Transformation triggers huge CPU load

cancel
Showing results for 
Search instead for 
Did you mean: 
Highlighted
Active Member II

Transformation triggers huge CPU load

Hello everybody, a few days ago I uploaded a folder of files (.doc, .txt, .pdf,....) on my Alfresco server (201707GA), then I noticed that CPU load started increasing uninterruptedly, reaching a CPU load of 400% and over. I tried to restart Alfresco server, but CPU started again to increase until the server was unusable.

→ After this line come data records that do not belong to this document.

lemma bij_close_to_coarse_qi:
  fixes T :: "'a::banach \<Rightarrow> 'b::banach"
  assumes "coarse_qi M L T" and "\<xi> > 0" and "xi_dense \<xi> (range T) UNIV"
  obtains h where "bij h" and "\<And>x. dist (h x) (T x) \<le> L + 3 / 2 * \<xi>"
proof -
  have "M > 0" "L \<ge> 0" and upper: "\<And>x y. dist (T x) (T y) \<le> M * dist x y + L"
    using assms(1) unfolding coarse_qi_def by auto
  obtain G where G: "\<And>y. dist y (T (G y)) \<le> \<xi>"
    and G_lower: "\<And>y y'. dist y y' \<le> M * dist (G y) (G y') + (L + 2 * \<xi>)"
    using coarse_qi_quasi_inverse[OF assms(1,3)] by blast
  obtain \<iota> :: "'a \<Rightarrow> 'b" where "inj \<iota>"
    using ex_inj_if_coarse_lower_bound[OF _ coarse_qi_lower_bound[OF assms(1)]] \<open>M > 0\<close> by auto
  then obtain f where "inj f" and f: "\<And>x. dist (f x) (T x) < \<xi> / 2"
    using ex_inj_near[of "\<xi> / 2" \<iota> T] \<open>\<xi> > 0\<close> by auto
  obtain \<kappa> :: "'b \<Rightarrow> 'a" where "inj \<kappa>"
    using ex_inj_if_coarse_lower_bound[OF _ G_lower] \<open>M > 0\<close> by auto
  then obtain g where "inj g" and g: "\<And>y. dist (g y) (G y) < \<xi> / (2 * M)"
    using ex_inj_near[of "\<xi> / (2 * M)" \<kappa> G] \<open>\<xi> > 0\<close> \<open>M > 0\<close> by auto
  obtain h where "bij h" and h: "\<And>x. h x = f x \<or> g (h x) = x"
    using Schroeder_Bernstein_piecewise[OF \<open>inj f\<close> \<open>inj g\<close>] by blast
  have close: "dist (h x) (T x) \<le> L + 3 / 2 * \<xi>" for x
  proof (cases "h x = f x")
    case True
    then show ?thesis
      using f[of x] \<open>L \<ge> 0\<close> \<open>\<xi> > 0\<close> by simp
  next
    case False
    with h have "g (h x) = x" by blast
    have "M * dist (G (h x)) (g (h x)) \<le> \<xi> / 2"
      using g[of "h x"] \<open>M > 0\<close> by (simp add: dist_commute field_simps)
    then have "dist (h x) (T (g (h x))) \<le> L + 3 / 2 * \<xi>"
      using dist_triangle[of "h x" "T (g (h x))" "T (G (h x))"] G[of "h x"]
        upper[of "G (h x)" "g (h x)"]
      by linarith
    with \<open>g (h x) = x\<close> show ?thesis
      by simp
  qed
  with \<open>bij h\<close> show ?thesis
    by (rule that)
qed

theorem fact3:
  fixes T :: "'a::banach \<Rightarrow> 'b::banach" and M L \<xi> :: real
  assumes "coarse_qi M L T"
    and "\<xi> > 0"
    and "xi_dense \<xi> (range T) UNIV"
  shows "\<exists>T' :: 'a \<Rightarrow> 'b. bij T' \<and> coarse_qi M ((4 * M^2 + 3) * L + 4 * \<xi>) T' \<and>
           (\<forall>x. norm (T' x - T x) \<le> (2 * M^2 + 2) * L + 2 * \<xi>)"
proof -
  obtain h where "bij h" and close: "\<And>x. dist (h x) (T x) \<le> L + 3 / 2 * \<xi>"
    using bij_close_to_coarse_qi[OF assms] by blast
  have "L \<ge> 0"
    using assms(1) unfolding coarse_qi_def by blast
  have "coarse_qi M ((4 * M^2 + 3) * L + 4 * \<xi>) h"
  proof (rule coarse_qi_mono)
    show "coarse_qi M (L + 2 * (L + 3 / 2 * \<xi>)) h"
      using assms(1) close by (rule coarse_qi_if_close)
    show "L + 2 * (L + 3 / 2 * \<xi>) \<le> (4 * M^2 + 3) * L + 4 * \<xi>"
      using \<open>L \<ge> 0\<close> \<open>\<xi> > 0\<close> by (simp add: algebra_simps)
  qed
  moreover have "norm (h x - T x) \<le> (2 * M^2 + 2) * L + 2 * \<xi>" for x
  proof -
    have "0 \<le> 2 * M^2 * L" and "(2 * M^2 + 2) * L = 2 * M^2 * L + 2 * L"
      using \<open>L \<ge> 0\<close> by (simp_all add: algebra_simps)
    then show ?thesis
      using close[of x] \<open>L \<ge> 0\<close> \<open>\<xi> > 0\<close> unfolding dist_norm by linarith
  qed
  ultimately show ?thesis
    using \<open>bij h\<close> by blast
qed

Searching on the forums I enabled debug log for Alfresco transformation:

log4j.logger.org.alfresco.repo.content.transform.TransformerDebug=DEBUG log4j.logger.org.alfresco.repo.content.transform=DEBUG

and after enabling these settings, in the log files I noticed a  lot of lines regarding the transformation of a single file:

2020-02-07 00:05:30,299 DEBUG [content.transform.TransformerDebug] [http-bio-8443-exec-700] 68 pdf txt document_of_deployment_ugpa.delay_NO DATA_.pdf 803.9 KB -- index -
- SolrIndexer
2020-02-07 00:05:30,310 DEBUG [content.transform.TransformerDebug] [http-bio-8443-exec-700] 68 workspace://SpacesStore/84abc9c6-e665-4285-b263-f61b6e972f68
2020-02-07 00:05:30,310 DEBUG [content.transform.TransformerDebug] [http-bio-8443-exec-700] 68 **a) [50] PdfBox < 25 MB 0 ms
2020-02-07 00:05:30,310 DEBUG [content.transform.TransformerDebug] [http-bio-8443-exec-700] 68 b) [120] TikaAuto < 25 MB 0 ms
2020-02-07 00:05:30,311 DEBUG [content.transform.TransformerDebug] [http-bio-8443-exec-700] 68.1 pdf txt document_of_deployment_ugpa.delay_NO DATA_.pdf 803.9 KB PdfBox

this sequence of lines repeated about every 5 minutes for about 150 times...I deleted that file from Alfresco and the server load returned normal.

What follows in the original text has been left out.